_Work item:_ Return the data below exactly, but only from the line containing "sf_scompact X M" through the line containing "add: interior_of_openin openin_subset)", with both of those lines included.

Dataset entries
----
definition indicator_simplex :: "nat \<Rightarrow> (nat \<Rightarrow> real) \<Rightarrow> ereal" where
  "indicator_simplex K a = (if a \<in> prob_simplex K then 0 else \<infinity>)"

definition hfun :: "nat \<Rightarrow> (nat \<Rightarrow> real) \<Rightarrow> ereal" where
  "hfun K a = ereal (real (l0norm K a)) + indicator_simplex K a"

definition sqdist :: "nat \<Rightarrow> (nat \<Rightarrow> real) \<Rightarrow> (nat \<Rightarrow> real) \<Rightarrow> real" where
  "sqdist K x y = (\<Sum>k=1..K. (x k - y k)^2)"

definition prox :: "nat \<Rightarrow> real \<Rightarrow> ((nat \<Rightarrow> real) \<Rightarrow> ereal) \<Rightarrow> (nat \<Rightarrow> real) \<Rightarrow> (nat \<Rightarrow> real) set" where
  "prox K \<gamma> g x = {y \<in> RK K. \<forall>z \<in> RK K.
      ereal (sqdist K x y / (2*\<gamma>)) + g y \<le> ereal (sqdist K x z / (2*\<gamma>)) + g z}"

definition gfun :: "nat \<Rightarrow> real \<Rightarrow> (nat \<Rightarrow> real) \<Rightarrow> nat \<Rightarrow> real" where
  "gfun K \<gamma> a n = 1/(2*\<gamma>) * (\<Sum>k=1..n. a k)^2 / real (K - n)
                   + 1/(2*\<gamma>) * (\<Sum>k=1..n. (a k)^2) - real n"

end

theory Submission
  imports Defs
begin

text \<open>Split the proximal problem according to the positive support T of the candidate
  point. Among the points of the simplex vanishing off T, the one nearest to alpha spreads the
  mass of alpha on J = [K] - T uniformly over T; by Cauchy-Schwarz its squared distance
  sum_J alpha_k^2 + (sum_J alpha_k)^2 / |T| bounds that of every such point from below. For
  increasing alpha and |J| = n both sums are smallest for J = [n], so the tail {K0+1..K} with K0
  minimizing g is an optimal support, of cost g(K0) + K. If alpha_i = 0 while i lies in the
  support T of a prox point, then either supp alpha lies in T - {i}, and alpha itself has a
  smaller objective, or exchanging i for some j outside T with alpha_j > 0 strictly lowers the
  cost.\<close>

definition pos_support :: "nat \<Rightarrow> (nat \<Rightarrow> real) \<Rightarrow> nat set" where
  "pos_support K a = {k\<in>{1..K}. a k > 0}"

definition face_proj :: "nat \<Rightarrow> (nat \<Rightarrow> real) \<Rightarrow> nat set \<Rightarrow> nat \<Rightarrow> real" where
  "face_proj K a T = (\<lambda>k. if k \<in> T then a k + (\<Sum>j\<in>{1..K} - T. a j) / card T else 0)"

definition face_sqdist :: "nat \<Rightarrow> (nat \<Rightarrow> real) \<Rightarrow> nat set \<Rightarrow> real" where
  "face_sqdist K a T = (\<Sum>k\<in>{1..K} - T. (a k)^2) + (\<Sum>k\<in>{1..K} - T. a k)^2 / card T"

definition face_cost :: "nat \<Rightarrow> real \<Rightarrow> (nat \<Rightarrow> real) \<Rightarrow> nat set \<Rightarrow> real" where
  "face_cost K \<gamma> a T = face_sqdist K a T / (2*\<gamma>) + card T"

definition prox_obj :: "nat \<Rightarrow> real \<Rightarrow> (nat \<Rightarrow> real) \<Rightarrow> (nat \<Rightarrow> real) \<Rightarrow> ereal" where
  "prox_obj K \<gamma> x y = ereal (sqdist K x y / (2*\<gamma>)) + hfun K y"
lemma attractor_within_attractor_instance:
  assumes Hausdorff: "Hausdorff_space X" and normal: "normal_space X"
    and flow: "local_semiflow X T Phi" and AA: "sf_attractor X T Phi AA"
    and N1: "sf_nbhd X AA N1" "sf_admissible X T Phi N1"
    and A: "sf_attractor (subtopology X AA) T Phi A"
  obtains K N0 NA tau where "attractor_within_attractor X T Phi K N1 N0 AA A NA tau"
proof -
  obtain N0 where N0: "sf_nbhd X AA N0" "sf_attracts X T Phi AA N0"
    "\<forall>M. sf_scompact X M \<and> sf_invariant X T Phi M \<and> M \<subseteq> N0 \<longrightarrow> M \<subseteq> AA"
    using AA unfolding sf_attractor_def by blast
  obtain NA where NA: "sf_nbhd (subtopology X AA) A NA" "sf_attracts (subtopology X AA) T Phi A NA"
    "\<forall>M. sf_scompact (subtopology X AA) M \<and> sf_invariant (subtopology X AA) T Phi M \<and> M \<subseteq> NA
      \<longrightarrow> M \<subseteq> A"
    using A unfolding sf_attractor_def by blast
  have AA_inv: "sf_invariant X T Phi AA" using AA unfolding sf_attractor_def by blast
  have "X closure_of AA \<subseteq> X interior_of N0 \<inter> X interior_of N1"
    using N0(1) N1(1) unfolding sf_nbhd_def by blast
  then obtain V where V: "openin X V" "X closure_of AA \<subseteq> V"
    "X closure_of V \<subseteq> X interior_of N0 \<inter> X interior_of N1"
    using normal[unfolded normal_space_alt]
    by (meson closedin_closure_of openin_Int openin_interior_of)
  have "sf_nbhd X AA V" unfolding sf_nbhd_def using V by (simp add: interior_of_openin openin_subset)
  then obtain tau where tau: "0 < tau" "\<forall>t>tau. Phi t ` N0 \<subseteq> V"
    using N0(2) unfolding sf_attracts_def by blast
  have V_closure: "V \<subseteq> X closure_of V" using V(1) by (simp add: closure_of_subset openin_subset)
  have AA_V: "AA \<subseteq> V"
    using V(2) closure_of_subset[of AA X] AA_inv unfolding sf_invariant_def by blast
  show ?thesis
  proof (rule that, unfold_locales)
    show "\<forall>x\<in>X closure_of V. T x = \<infinity>"
      using V(3) interior_of_subset[of X N0] N0(2) unfolding sf_attracts_def by blast
    show "X closure_of V \<subseteq> N1" using V(3) interior_of_subset[of X N1] by blast
    show "AA \<subseteq> X closure_of V" using AA_V V_closure by blast
    show "\<forall>t>tau. Phi t ` N0 \<subseteq> X closure_of V" using tau(2) V_closure by blast
    show "A \<subseteq> AA" using A unfolding sf_attractor_def sf_invariant_def by auto
    show "N0 \<subseteq> topspace X" using N0(1) unfolding sf_nbhd_def by blast
  qed (use Hausdorff flow N1(2) normal AA_inv N0 NA V(3) tau(1) A in
    \<open>auto simp: sf_attractor_def\<close>)
qed

theorem theorem6p1:
  fixes X :: "'a topology" and T :: "'a \<Rightarrow> ereal" and Phi :: "real \<Rightarrow> 'a \<Rightarrow> 'a"
    and AA N1 A :: "'a set"
  assumes "Hausdorff_space X" and "normal_space X"
    and "local_semiflow X T Phi"
    and "sf_attractor X T Phi AA"
    and "sf_nbhd X AA N1" and "sf_admissible X T Phi N1"
    and "sf_attractor (subtopology X AA) T Phi A"
  shows "sf_attractor X T Phi A"
proof -
  obtain K N0 NA tau where "attractor_within_attractor X T Phi K N1 N0 AA A NA tau"
    using attractor_within_attractor_instance[OF assms] .
  moreover have "A \<noteq> {}" using assms(7) unfolding sf_attractor_def by blast
  ultimately show ?thesis by (rule attractor_within_attractor.sf_attractor_A)
qed
(* Let $\mathcal A$ be a finite alphabet. A map $\mu:\mathcal S_\infty\to[0,\infty]$ with $\mu(\emptyset)=0$ is $\sigma$-additive (hence a pre-measure) if and only if for all $u\in\mathcal A^*$: $$\mu(C_\infty(u))=\mu(\{u\})+\sum_{a\in\mathcal A}\mu(C_\infty(ua)).$$
   Context: $\mathcal A^*,\mathcal A^\omega$: finite/infinite words; $\mathcal A^\infty=\mathcal A^*\cup\mathcal A^\omega$; $\sqsubseteq$ prefix; $C_\infty(u)=\{v\in\mathcal A^\infty:u\sqsubseteq v\}$; $\mathcal S_\infty=\{\emptyset\}\cup\{\{u\}:u\in\mathcal A^*\}\cup\{C_\infty(u):u\in\mathcal A^*\}$. $\sigma$-additive means: for every sequence of pairwise disjoint $S_n\in\mathcal S_\infty$ with $\bigcup_nS_n\in\mathcal S_\infty$, $\mu(\bigcup_nS_n)=\sum_n\mu(S_n)$. *)

theory Defs
  imports "HOL-Analysis.Analysis"
begin

datatype 'a infword = Fin "'a list" | Inf "nat \<Rightarrow> 'a"

fun fprefix :: "'a list \<Rightarrow> 'a infword \<Rightarrow> bool" where
  "fprefix u (Fin w) \<longleftrightarrow> (\<exists>z. w = u @ z)"
| "fprefix u (Inf f) \<longleftrightarrow> (\<forall>i < length u. f i = u ! i)"

definition Cinf :: "'a list \<Rightarrow> 'a infword set" where
  "Cinf u = {v. fprefix u v}"

definition Sinf :: "'a infword set set" where
  "Sinf = {{}} \<union> {{Fin u} | u. True} \<union> {Cinf u | u. True}"

end

theory Submission
  imports Defs
begin

text \<open>Necessity: \<open>C\<^sub>\<infinity>(u)\<close> is the disjoint union of \<open>{u}\<close> and the finitely many
  \<open>C\<^sub>\<infinity>(ua)\<close>. Sufficiency has two ingredients. First, iterating the identity shows that
  \<open>\<mu>\<close> is additive on finite partitions of a cylinder into members of \<open>S\<^sub>\<infinity>\<close>: a
  non-trivial such partition contains \<open>{u}\<close> and splits into partitions of the child cylinders,
  each with fewer pieces. Second, a countable partition of a member of \<open>S\<^sub>\<infinity>\<close> into members
  of \<open>S\<^sub>\<infinity>\<close> has only finitely many non-empty pieces. Padding finite words with \<open>None\<close>
  embeds \<open>A\<^sup>\<infinity>\<close> as a closed subset of the compact space \<open>(A \<union> {None})\<^sup>\<omega>\<close>; there every
  member of \<open>S\<^sub>\<infinity>\<close> has compact image and is the trace of an open set, so finitely many
  pieces already cover the union and disjointness forces all others to be empty.\<close>

lemma countably_additive_finite_family:
  fixes \<mu> :: "'a set \<Rightarrow> ennreal" and A :: "'i \<Rightarrow> 'a set"
  assumes ca: "countably_additive M \<mu>" and "\<mu> {} = 0" "{} \<in> M"
    and I: "finite I" "A ` I \<subseteq> M" "disjoint_family_on A I" "(\<Union>i\<in>I. A i) \<in> M"
  shows "\<mu> (\<Union>i\<in>I. A i) = (\<Sum>i\<in>I. \<mu> (A i))"
proof -
  obtain h where h: "bij_betw h {..<card I} I"
    using ex_bij_betw_nat_finite[OF I(1)] by (auto simp: atLeast0LessThan)
  define B where "B n = (if n < card I then A (h n) else {})" for n
  have "B m \<inter> B n = {}" if "m \<noteq> n" for m n
  proof (cases "m < card I \<and> n < card I")
    case True
    then have "h m \<noteq> h n" "h m \<in> I" "h n \<in> I"
      using h that by (auto simp: bij_betw_def inj_on_def)
    then show ?thesis using I(3) True by (simp add: B_def disjoint_family_on_def)
  qed (auto simp: B_def)
  then have disj: "disjoint_family B" by (simp add: disjoint_family_on_def)
  have "(\<Union>n. B n) = (\<Union>n<card I. A (h n))"
    by (auto simp: B_def)
  also have "\<dots> = (\<Union>i\<in>I. A i)"
    by (metis bij_betw_imp_surj_on h image_image)
  finally have union: "(\<Union>n. B n) = (\<Union>i\<in>I. A i)" .
  have "range B \<subseteq> M"
    using I(2) \<open>{} \<in> M\<close> h by (auto simp: B_def bij_betw_def)
  then have "(\<Sum>n. \<mu> (B n)) = \<mu> (\<Union>i\<in>I. A i)"
    using ca disj union I(4) unfolding countably_additive_def by metis
  moreover have "(\<Sum>n. \<mu> (B n)) = (\<Sum>n<card I. \<mu> (A (h n)))"
    by (subst suminf_finite[of "{..<card I}"]) (auto simp: B_def \<open>\<mu> {} = 0\<close>)
  moreover have "\<dots> = (\<Sum>i\<in>I. \<mu> (A i))"
    using h by (rule sum.reindex_bij_betw)
  ultimately show ?thesis by simp
qed
(* Assume $\bar L>0$ and consider the $l$-th cycle of RPF-SFISTA. Then: (a) the cycle stops (either by a restart in step (iv) or by termination in step (v)) after at most $$\left\lceil(1+Q_l)\log^+_1\!\left(\frac{C_{\bar\mu}(z_{l-1})\,\zeta_l^2}{\chi\hat\epsilon^2}\right)+1\right\rceil+\left\lceil\frac{\log^+_0\big(2\bar L/((1-\chi)\underline M_l)\big)}{\log\beta}\right\rceil$$ ACG iterations/resolvent evaluations; (b) if the cycle terminates in step (v), its output $(y,v,\xi,L)$ satisfies $\phi(\xi)\le\min\{\phi(z_0),\phi(y)\}$ and $\bar M_0\le L\le\max\{\bar M_0,\kappa\bar L\}$, and $(y,v)$ is an $\hat\epsilon$-optimal solution; (c) if $\mu_{l-1}\in(0,\bar\mu]$, then the cycle never restarts and terminates in step (v) with an output as in (b), within the number of ACG iterations/resolvent evaluations given in (a).
   Context: Setup. Let $f:\mathbb R^n\to\mathbb R$ be convex and differentiable with $\|\nabla f(z')-\nabla f(z)\|\le\bar L\|z'-z\|$ for all $z,z'\in\mathbb R^n$ (some $\bar L\ge0$). Let $h:\mathbb R^n\to(-\infty,\infty]$ be proper, lower semicontinuous and convex with domain $\mathcal H$. Let $\phi:=f+h$ be $\bar\mu$-strongly convex for some $\bar\mu>0$, with (unique) minimizer $z^*$. Write $\ell_f(u;x):=f(x)+\langle\nabla f(x),u-x\rangle$. Define $C_{\bar\mu}(z):=\frac{8}{\bar\mu}[\phi(z)-\phi(z^* )]$ and $\kappa:=2\beta/(1-\chi)$. For $t>0$, $b\ge0$ let $\log^+_b(t):=\max\{\log t,b\}$. A pair $(y,v)$ is an $\hat\epsilon$-optimal solution if $v\in\nabla f(y)+\partial h(y)$ and $\|v\|\le\hat\epsilon$. RPF-SFISTA. Parameters $\chi\in(0,1)$, $\beta>1$; inputs $\mu_0>0$, $\bar M_0>0$, $z_0\in\mathcal H$, $\hat\epsilon>0$. The method runs in cycles $l=1,2,\dots$. At the start of cycle $l$: choose $\underline M_l\in[\max\{\bar M_{l-1}/4,\bar M_0\},\bar M_{l-1}]$ (so $\underline M_1=\bar M_0$), set $\mu:=\mu_{l-1}$, $x_0:=z_{l-1}$, $\xi_0:=y_0:=x_0$, $A_0:=0$, $\tau_0:=1$, $L_0:=\underline M_l$. Then for $j=1,2,\dots$: (i) set $L_j:=L_{j-1}$; (ii) compute $a_{j-1}=\frac{\tau_{j-1}+\sqrt{\tau_{j-1}^2+4\tau_{j-1}A_{j-1}L_j}}{2L_j}$, $\tilde x_{j-1}=\frac{A_{j-1}y_{j-1}+a_{j-1}x_{j-1}}{A_{j-1}+a_{j-1}}$, $y_j=\arg\min_{u}\{\ell_f(u;\tilde x_{j-1})+h(u)+\frac{L_j}{2}\|u-\tilde x_{j-1}\|^2\}$; if $f(y_j)\le\ell_f(y_j;\tilde x_{j-1})+\frac{(1-\chi)L_j}{4}\|y_j-\tilde x_{j-1}\|^2$ go to (iii), otherwise replace $L_j$ by $\beta L_j$ and repeat (ii); (iii) set $\xi_j:=y_j$ if $\phi(y_j)\le\phi(\xi_{j-1})$ and $\xi_j:=\xi_{j-1}$ otherwise; $A_j:=A_{j-1}+a_{j-1}$; $\tau_j:=\tau_{j-1}+a_{j-1}\mu/2$; $s_j:=L_j(\tilde x_{j-1}-y_j)$; $x_j:=\tau_j^{-1}[\mu a_{j-1}y_j/2+\tau_{j-1}x_{j-1}-a_{j-1}s_j]$; $v_j:=\nabla f(y_j)-\nabla f(\tilde x_{j-1})+s_j$; (iv) if $\|\xi_j-x_0\|^2<\chi A_jL_j\|y_j-\tilde x_{j-1}\|^2$, the cycle ends with a restart: set $z_l:=\xi_j$, $\bar M_l:=L_j$, $\mu_l:=\mu/2$ and start cycle $l+1$; (v) otherwise, if $\|v_j\|\le\hat\epsilon$, stop and output $(y,v,\xi,L):=(y_j,v_j,\xi_j,L_j)$; else go to iteration $j+1$. Each computation of a point $y_j$ in (ii) (including repetitions in the line search) counts as one ACG iteration/resolvent evaluation. Cycle quantities: $\zeta_l:=\bar L+\max\{\underline M_l,\kappa\bar L\}$ and $Q_l:=2\sqrt2\sqrt{\max\{\underline M_l,\kappa\bar L\}/\mu_{l-1}}$. *)

theory Defs
  imports "HOL-Analysis.Analysis"
begin

text \<open>The nonsmooth part h : R^n -> (-infinity, infinity] is represented by its (nonempty)
domain H and its real values on H (h is taken to be +infinity outside H).\<close>

definition strongly_convex_on :: "'a::real_inner set \<Rightarrow> real \<Rightarrow> ('a \<Rightarrow> real) \<Rightarrow> bool" where
  "strongly_convex_on H m g \<longleftrightarrow> convex H \<and>
     (\<forall>x\<in>H. \<forall>y\<in>H. \<forall>t\<in>{0..1}.
        g ((1 - t) *\<^sub>R x + t *\<^sub>R y) \<le> (1 - t) * g x + t * g y - m / 2 * t * (1 - t) * (norm (x - y))\<^sup>2)"

definition subdiff :: "('a::real_inner \<Rightarrow> real) \<Rightarrow> 'a set \<Rightarrow> 'a \<Rightarrow> 'a set" where
  "subdiff h H y = {w. y \<in> H \<and> (\<forall>u\<in>H. h y + inner w (u - y) \<le> h u)}"

definition logp :: "real \<Rightarrow> real \<Rightarrow> real" where
  "logp b t = max (ln t) b"

definition lin_f :: "('a::real_inner \<Rightarrow> real) \<Rightarrow> ('a \<Rightarrow> 'a) \<Rightarrow> 'a \<Rightarrow> 'a \<Rightarrow> real" where
  "lin_f f gf u x = f x + inner (gf x) (u - x)"

definition prox_step :: "('a::real_inner \<Rightarrow> real) \<Rightarrow> ('a \<Rightarrow> 'a) \<Rightarrow> ('a \<Rightarrow> real) \<Rightarrow> 'a set \<Rightarrow> real \<Rightarrow> 'a \<Rightarrow> 'a" where
  "prox_step f gf h H L xt =
     (THE u. u \<in> H \<and> (\<forall>w\<in>H. lin_f f gf u xt + h u + L / 2 * (norm (u - xt))\<^sup>2
                              \<le> lin_f f gf w xt + h w + L / 2 * (norm (w - xt))\<^sup>2))"

text \<open>State of a cycle after each ACG iteration (= each resolvent evaluation).
  CRun Lt A tau x y xi : iteration in progress, Lt is the next trial value of L_j,
    (A,tau,x,y,xi) = (A_{j-1},tau_{j-1},x_{j-1},y_{j-1},xi_{j-1});
  CRestart xi L : the cycle ended with a restart in step (iv), z_l = xi, Mbar_l = L;
  CStop y v xi L : the method stopped in step (v) with output (y,v,xi,L).\<close>
datatype 'a cstate =
    CRun real real real 'a 'a 'a
  | CRestart 'a real
  | CStop 'a 'a 'a real

definition cycle_step ::
  "('a::real_inner \<Rightarrow> real) \<Rightarrow> ('a \<Rightarrow> 'a) \<Rightarrow> ('a \<Rightarrow> real) \<Rightarrow> 'a set \<Rightarrow>
   real \<Rightarrow> real \<Rightarrow> real \<Rightarrow> 'a \<Rightarrow> real \<Rightarrow> 'a cstate \<Rightarrow> 'a cstate" where
  "cycle_step f gf h H chi beta mu x0 eps st =
    (case st of
      CRun Lt A tau x y xi \<Rightarrow>
        (let a = (tau + sqrt (tau\<^sup>2 + 4 * tau * A * Lt)) / (2 * Lt);
             xt = (1 / (A + a)) *\<^sub>R (A *\<^sub>R y + a *\<^sub>R x);
             yn = prox_step f gf h H Lt xt
         in if f yn \<le> lin_f f gf yn xt + (1 - chi) * Lt / 4 * (norm (yn - xt))\<^sup>2 then
              (let xin = (if f yn + h yn \<le> f xi + h xi then yn else xi);
                   An = A + a;
                   taun = tau + a * mu / 2;
                   s = Lt *\<^sub>R (xt - yn);
                   xn = (1 / taun) *\<^sub>R ((mu * a / 2) *\<^sub>R yn + tau *\<^sub>R x - a *\<^sub>R s);
                   v = gf yn - gf xt + s
               in if (norm (xin - x0))\<^sup>2 < chi * An * Lt * (norm (yn - xt))\<^sup>2 then CRestart xin Lt
                  else if norm v \<le> eps then CStop yn v xin Lt
                  else CRun Lt An taun xn yn xin)
            else CRun (beta * Lt) A tau x y xi)
    | CRestart z L \<Rightarrow> CRestart z L
    | CStop y v xi L \<Rightarrow> CStop y v xi L)"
----
_Answer box:_
    "\<forall>M. sf_scompact X M \<and> sf_invariant X T Phi M \<and> M \<subseteq> N0 \<longrightarrow> M \<subseteq> AA"
    using AA unfolding sf_attractor_def by blast
  obtain NA where NA: "sf_nbhd (subtopology X AA) A NA" "sf_attracts (subtopology X AA) T Phi A NA"
    "\<forall>M. sf_scompact (subtopology X AA) M \<and> sf_invariant (subtopology X AA) T Phi M \<and> M \<subseteq> NA
      \<longrightarrow> M \<subseteq> A"
    using A unfolding sf_attractor_def by blast
  have AA_inv: "sf_invariant X T Phi AA" using AA unfolding sf_attractor_def by blast
  have "X closure_of AA \<subseteq> X interior_of N0 \<inter> X interior_of N1"
    using N0(1) N1(1) unfolding sf_nbhd_def by blast
  then obtain V where V: "openin X V" "X closure_of AA \<subseteq> V"
    "X closure_of V \<subseteq> X interior_of N0 \<inter> X interior_of N1"
    using normal[unfolded normal_space_alt]
    by (meson closedin_closure_of openin_Int openin_interior_of)
  have "sf_nbhd X AA V" unfolding sf_nbhd_def using V by (simp add: interior_of_openin openin_subset)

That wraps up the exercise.